I recently updated my compiler from 16.5 student edition to 16.10 community edition.

But 16.10 cannot compile my code due to double precision atomicAdd.

Error messages look like this:

ptxas /tmp/pgaccJVJdPAZ24pQo.ptx, line 22460; error : Type or alignment of argument does not match formal parameter ‘__pgi_atomicAddd_llvm_param_1’
Error: /tmp/pgacc_V8d6SN9Ugxh.gpu (2740, 25): parse ‘@__pgi_atomicAddd_llvm’ defined with type ‘double (i8*, double)*’

So I installed 16.5 professional edition and only used license file from the community edition, and it works fine.

My code runs fine even in 15.10 (Visual Fortran).

What happened in 16.10?

Hi CNJ,

What happened in 16.10?

I’m not sure and don’t see any problem reports regarding it. Can you please post a reproducing example so I can investigate?

  • Mat

I will try to make one.

If I change the variables to single precision, it compiles.

But one more problem occured.

An OpenMP region that yielded correct results in 16.5 does not anymore in 16.10.

Please tell me if there’s any change regarding OpenMP policy between 16.5 and 16.10, expecially when a subroutine or function is called within the parallel region.

Some variables seem to work as save variables.

Please tell me if there’s any change regarding OpenMP policy between 16.5 and 16.10, expecially when a subroutine or function is called within the parallel region.

Not that I’m aware of.

Some variables seem to work as save variables.

Are you data initializing them? If so, data initialization variables implicitly get the SAVE attribute.

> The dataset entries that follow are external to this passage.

lemma uu_strict_antimono: "1 \<le> i \<Longrightarrow> i < j \<Longrightarrow> j \<le> d + 1 \<Longrightarrow> U j < U i"
proof -
  assume ij: "1 \<le> i" "i < j" "j \<le> d + 1"
  show ?thesis
  proof (cases "j = d + 1")
    case False
    have "sorted_wrt (>) (rev (sorted_list_of_set (set lam)))"
      by (simp add: sorted_wrt_rev)
    then have "rev (sorted_list_of_set (set lam)) ! (j - 1)
             < rev (sorted_list_of_set (set lam)) ! (i - 1)"
      by (rule sorted_wrt_nth_less) (use ij False length_part_sizes in auto)
    then show ?thesis
      using ij False by (simp add: uu_def)
  qed (use ij uu_eq_0 uu_pos in simp)
qed

lemma uu_le_iff:
  "1 \<le> i \<Longrightarrow> i \<le> d + 1 \<Longrightarrow> 1 \<le> j \<Longrightarrow> j \<le> d + 1 \<Longrightarrow> U i \<le> U j \<longleftrightarrow> j \<le> i"
  using uu_strict_antimono by (metis le_less not_le)

lemma uu_less_iff:
  "1 \<le> i \<Longrightarrow> i \<le> d + 1 \<Longrightarrow> 1 \<le> j \<Longrightarrow> j \<le> d + 1 \<Longrightarrow> U i < U j \<longleftrightarrow> j < i"
  using uu_le_iff by (meson not_le)

lemma uu_le_part_iff:
  assumes "x \<in> set lam" "1 \<le> i" "i \<le> d"
  shows "U i \<le> x \<longleftrightarrow> (\<exists>j\<in>{1..i}. x = U j)"
proof -
  obtain j where j: "1 \<le> j" "j \<le> d" "U j = x"
    using ex_uu_eq_part assms(1) by blast
  then have "U i \<le> x \<longleftrightarrow> j \<le> i"
    using uu_le_iff[of i j] assms by simp
  moreover have "(\<exists>j'\<in>{1..i}. x = U j') \<longleftrightarrow> j \<le> i"
  proof
    assume "\<exists>j'\<in>{1..i}. x = U j'"
    then obtain j' where "j' \<in> {1..i}" "U j' \<le> U j"
      using j by auto
    then show "j \<le> i"
      using uu_le_iff[of j' j] j assms by auto
  qed (use j in auto)
  ultimately show ?thesis by simp
qed

lemma vv_pos: "1 \<le> i \<Longrightarrow> i \<le> d \<Longrightarrow> 1 \<le> vv lam i"
  using uu_mem count_list_0_iff by (fastforce simp: vv_def)

lemma vs_Suc: "vs lam i (Suc j) = vs lam i j + (if i \<le> Suc j then vv lam (Suc j) else 0)"
  by (simp add: vs_def)

lemma W_mono: "i \<le> j \<Longrightarrow> W i \<le> W j"
  unfolding vs_def by (rule sum_mono2) auto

Though this behavior is part of the Fortran language itself and we did not change between 16.5 and 16.10.

-Mat

There are some, but they work like parameters (read-only).

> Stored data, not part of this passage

(* Let $X$ and $Y$ be topological vector spaces (over $\mathbb{R}$), let $\theta$ be the origin of $Y$, and let $D$ be a nonempty convex subset of $X$. Let $F: D\times D\rightrightarrows Y$ be a set-valued mapping satisfying: (i) for each $z\in D$, the set $\{x\in D: \theta\in F(x,z)\}$ is compactly closed; (ii) $F$ is a KKM-type mapping on $D$; (iii) for each $y\in D$ there exists $z\in D$ such that for all $x\in D$, $\theta\in F(z,x)$ implies $\theta\in F(x,y)$; (iv) there exist a nonempty compact subset $M$ of $D$ and a finite subset $L$ of $D$ such that for each $x\in D\setminus M$ there exists $y\in L$ with $\theta\notin F(x,y)$. Then there exists $\bar x\in M$ such that $\theta\in F(\bar x,y)$ for all $y\in D$.
   Context: A subset $A$ of a topological space $X$ is compactly closed if for every compact subset $M$ of $X$ the set $A\cap M$ is closed in $M$. A set-valued mapping $F: D\times D\rightrightarrows Y$ is called a KKM-type mapping on $D$ if for every finite subset $\{x_1,\dots,x_n\}\subset D$ and every $x\in \operatorname{co}\{x_1,\dots,x_n\}\cap D$ there exists $j\in\{1,\dots,n\}$ such that $\theta\in F(x_j,x)$. Here $\operatorname{co}$ denotes the convex hull. *)

theory Defs
  imports "HOL-Analysis.Analysis"
begin

class real_topological_vector = real_vector + topological_space +
  assumes add_continuous_tvs:
    "\<And>S x y. open S \<Longrightarrow> x + y \<in> S \<Longrightarrow>
       \<exists>U V. open U \<and> open V \<and> x \<in> U \<and> y \<in> V \<and> (\<forall>u\<in>U. \<forall>v\<in>V. u + v \<in> S)"
  assumes scaleR_continuous_tvs:
    "\<And>S (c::real) x. open S \<Longrightarrow> c *\<^sub>R x \<in> S \<Longrightarrow>
       \<exists>A U. open A \<and> open U \<and> c \<in> A \<and> x \<in> U \<and> (\<forall>d\<in>A. \<forall>u\<in>U. d *\<^sub>R u \<in> S)"

definition compactly_closed :: "'a::topological_space set \<Rightarrow> bool" where
  "compactly_closed A \<longleftrightarrow> (\<forall>M. compact M \<longrightarrow> closedin (top_of_set M) (A \<inter> M))"

definition KKM_type :: "'a::real_vector set \<Rightarrow> ('a \<Rightarrow> 'a \<Rightarrow> 'b::zero set) \<Rightarrow> bool" where
  "KKM_type D F \<longleftrightarrow>
     (\<forall>S. finite S \<and> S \<subseteq> D \<longrightarrow>
        (\<forall>x \<in> convex hull S \<inter> D. \<exists>xj \<in> S. 0 \<in> F xj x))"

end

(* Since M is compact, it suffices that the sets {x \<in> M. 0 \<in> F x y}, which are closed in M by
   (i), have the finite intersection property. Given finite Y, condition (iv) puts every common
   zero of the F(-, y) with y \<in> Y \<union> L into M, and such a zero exists by the KKM principle: for
   the points z_y provided by (iii), (ii) says that the convex hull of any {z_y | y \<in> J} is covered
   by the sets {x. 0 \<in> F x y}, y \<in> J. The KKM principle is pulled back to a standard simplex,
   where it follows from Brouwer's fixed point theorem, which in turn follows from the
   non-contractibility of spheres. *)

theory Submission
  imports Defs "HOL-Homology.Brouwer_Degree"
begin

section \<open>Brouwer's fixed point theorem in coordinates\<close>

definition nball :: "nat \<Rightarrow> (nat \<Rightarrow> real) set" where
  "nball n = {x. (\<Sum>i\<le>n. (x i)\<^sup>2) \<le> 1 \<and> (\<forall>i>n. x i = 0)}"

definition normalise :: "nat \<Rightarrow> (nat \<Rightarrow> real) \<Rightarrow> nat \<Rightarrow> real" where
  "normalise n x = (\<lambda>i. x i / sqrt (\<Sum>j\<le>n. (x j)\<^sup>2))"

lemma continuous_on_coordinate: "continuous_on A (\<lambda>x::'i \<Rightarrow> 'b::topological_space. x i)"
  by (rule continuous_on_subset[OF continuous_on_product_coordinates]) simp

lemma topspace_nsphere_eq:
  "topspace (nsphere n) = {x. (\<Sum>i\<le>n. (x i)\<^sup>2) = 1 \<and> (\<forall>i>n. x i = 0)}"
  by (simp add: nsphere)

lemma nsphere_eq_top_of_set: "nsphere n = top_of_set (topspace (nsphere n))"
  by (simp add: nsphere euclidean_product_topology)

lemma nsphere_subset_nball: "topspace (nsphere n) \<subseteq> nball n"
  by (auto simp: topspace_nsphere_eq nball_def)

lemma normalise_nsphere: "x \<in> topspace (nsphere n) \<Longrightarrow> normalise n x = x"
  by (simp add: topspace_nsphere_eq normalise_def)

lemma sum_squares_eq_0_iff:
  fixes x :: "nat \<Rightarrow> real"
  assumes "\<forall>i>n. x i = 0"
  shows "(\<Sum>i\<le>n. (x i)\<^sup>2) = 0 \<longleftrightarrow> x = (\<lambda>i. 0)"
proof
  assume "(\<Sum>i\<le>n. (x i)\<^sup>2) = 0"
  then have "\<forall>i\<le>n. x i = 0"
    by (subst (asm) sum_nonneg_eq_0_iff) auto
  with assms show "x = (\<lambda>i. 0)"
    by (metis not_le)
qed simp

lemma normalise_in_nsphere:
  assumes "x \<noteq> (\<lambda>i. 0)" "\<forall>i>n. x i = 0"
  shows "normalise n x \<in> topspace (nsphere n)"
proof -
  have pos: "(\<Sum>i\<le>n. (x i)\<^sup>2) > 0"
    using assms sum_squares_eq_0_iff[of n x] by (simp add: less_le sum_nonneg)
  have "(\<Sum>i\<le>n. (x i / sqrt (\<Sum>j\<le>n. (x j)\<^sup>2))\<^sup>2) = 1"
    using pos by (simp add: power_divide sum_nonneg flip: sum_divide_distrib)
  then show ?thesis
    using pos assms(2) by (simp add: topspace_nsphere_eq normalise_def)
qed

lemma continuous_on_normalise:
  "continuous_on {x. x \<noteq> (\<lambda>i. 0) \<and> (\<forall>i>n. x i = 0)} (normalise n)"
  unfolding normalise_def
proof (rule continuous_on_coordinatewise_then_product)
  show "continuous_on {x. x \<noteq> (\<lambda>i. 0) \<and> (\<forall>i>n. x i = 0)} (\<lambda>x. x i / sqrt (\<Sum>j\<le>n. (x j)\<^sup>2))" for i
    by (intro continuous_on_divide continuous_on_real_sqrt continuous_on_sum continuous_on_power continuous_on_coordinate)
      (use sum_squares_eq_0_iff in auto)
qed

lemma homotopic_with_normalise:
  fixes h :: "real \<times> (nat \<Rightarrow> real) \<Rightarrow> nat \<Rightarrow> real"
  assumes cont: "continuous_on ({0..1} \<times> S) h"
    and nonzero: "\<And>p. p \<in> {0..1} \<times> S \<Longrightarrow> h p \<noteq> (\<lambda>i. 0) \<and> (\<forall>i>n. h p i = 0)"
  shows "homotopic_with (\<lambda>_. True) (top_of_set S) (nsphere n)
           (\<lambda>x. normalise n (h (0, x))) (\<lambda>x. normalise n (h (1, x)))"
  unfolding homotopic_with_def
proof (intro exI conjI)
  have "continuous_on ({0..1} \<times> S) (normalise n \<circ> h)"
    by (rule continuous_on_compose[OF cont continuous_on_subset[OF continuous_on_normalise]])
      (use nonzero in auto)
  moreover have "(normalise n \<circ> h) \<in> {0..1} \<times> S \<rightarrow> topspace (nsphere n)"
    using nonzero normalise_in_nsphere by auto
  ultimately show "continuous_map (prod_topology (top_of_set {0..1}) (top_of_set S)) (nsphere n)
      (normalise n \<circ> h)"
    by (subst nsphere_eq_top_of_set) simp
qed auto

I have some local automatic arrays with arbitrary array index.

I don’t think this will matter.

Can you send a reproducer to PGI Customer Service (trs@pgroup.com)?

Ask them to forward it on to me and I’ll see if I can determine the problem.

-Mat

Commenting out

CALL OMP_SET_MAX_ACTIVE_LEVELS(2)

solves the problem.

With that line, even if I don’t use nested parallelism, result becomes undeterministic.

But theoretically that line should not make any differences if nested parallelism is not used.

I will see if I can make any reproducing examples.

So, my question was misleading.

It is not the problem of compiler version.

It is the problem of nested parallelism itself.

What does OMP_SET_MAX_ACTIVE_LEVELS do to the parallel region which does not employ nested parallelism?

Hi CNJ,

This doesn’t make sense. There must be a logic error in the code or possibly a compiler issue.

We’ll need a reproducing example so we can investigate. Can you send one to PGI Customer Service (trs@pgroup.com) and ask them to forward it to me?

Thanks,
Mat